Every line below that has "simp" in it should be copied.

********

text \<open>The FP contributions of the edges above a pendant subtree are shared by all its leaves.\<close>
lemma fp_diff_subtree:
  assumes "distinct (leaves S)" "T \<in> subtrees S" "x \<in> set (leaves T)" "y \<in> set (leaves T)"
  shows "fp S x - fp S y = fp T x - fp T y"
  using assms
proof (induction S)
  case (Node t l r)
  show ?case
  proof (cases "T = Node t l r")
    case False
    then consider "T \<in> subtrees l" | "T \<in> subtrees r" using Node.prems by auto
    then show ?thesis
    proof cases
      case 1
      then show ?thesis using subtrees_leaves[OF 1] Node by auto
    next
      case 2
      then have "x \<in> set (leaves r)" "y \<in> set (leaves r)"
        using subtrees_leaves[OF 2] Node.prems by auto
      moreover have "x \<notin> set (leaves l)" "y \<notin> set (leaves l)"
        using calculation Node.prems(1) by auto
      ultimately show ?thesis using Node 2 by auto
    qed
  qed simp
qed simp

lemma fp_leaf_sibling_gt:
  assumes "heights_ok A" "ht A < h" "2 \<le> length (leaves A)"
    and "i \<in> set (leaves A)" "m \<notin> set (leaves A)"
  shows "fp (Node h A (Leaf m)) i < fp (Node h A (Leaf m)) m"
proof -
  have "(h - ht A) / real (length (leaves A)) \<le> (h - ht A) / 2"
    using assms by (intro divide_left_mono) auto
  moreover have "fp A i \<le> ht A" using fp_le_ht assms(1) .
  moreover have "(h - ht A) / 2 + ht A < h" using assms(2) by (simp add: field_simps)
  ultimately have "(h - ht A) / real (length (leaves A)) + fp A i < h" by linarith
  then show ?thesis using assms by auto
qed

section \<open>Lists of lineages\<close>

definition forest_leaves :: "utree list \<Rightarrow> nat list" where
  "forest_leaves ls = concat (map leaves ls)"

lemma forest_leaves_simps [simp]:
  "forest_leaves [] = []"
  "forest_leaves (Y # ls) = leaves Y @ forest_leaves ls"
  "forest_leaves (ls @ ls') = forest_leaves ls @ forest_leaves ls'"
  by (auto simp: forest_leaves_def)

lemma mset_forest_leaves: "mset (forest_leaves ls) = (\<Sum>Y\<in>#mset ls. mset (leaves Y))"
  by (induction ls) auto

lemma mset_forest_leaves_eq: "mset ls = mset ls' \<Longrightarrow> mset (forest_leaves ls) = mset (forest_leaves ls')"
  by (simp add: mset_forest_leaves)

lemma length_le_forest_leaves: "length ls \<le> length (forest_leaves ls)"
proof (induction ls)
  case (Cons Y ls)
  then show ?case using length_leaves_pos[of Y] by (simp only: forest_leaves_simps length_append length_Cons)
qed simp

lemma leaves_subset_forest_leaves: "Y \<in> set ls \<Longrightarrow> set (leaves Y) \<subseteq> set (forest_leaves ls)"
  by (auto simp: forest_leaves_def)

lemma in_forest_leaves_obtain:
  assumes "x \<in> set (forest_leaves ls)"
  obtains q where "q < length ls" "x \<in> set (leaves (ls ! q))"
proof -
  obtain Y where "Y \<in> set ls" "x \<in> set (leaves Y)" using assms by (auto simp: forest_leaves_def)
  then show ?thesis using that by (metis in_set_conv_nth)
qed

********

### Exercise answer
  qed simp
qed simp
  moreover have "(h - ht A) / 2 + ht A < h" using assms(2) by (simp add: field_simps)
lemma forest_leaves_simps [simp]:
  by (auto simp: forest_leaves_def)
  by (simp add: mset_forest_leaves)
  then show ?case using length_leaves_pos[of Y] by (simp only: forest_leaves_simps length_append length_Cons)
qed simp
  by (auto simp: forest_leaves_def)
  obtain Y where "Y \<in> set ls" "x \<in> set (leaves Y)" using assms by (auto simp: forest_leaves_def)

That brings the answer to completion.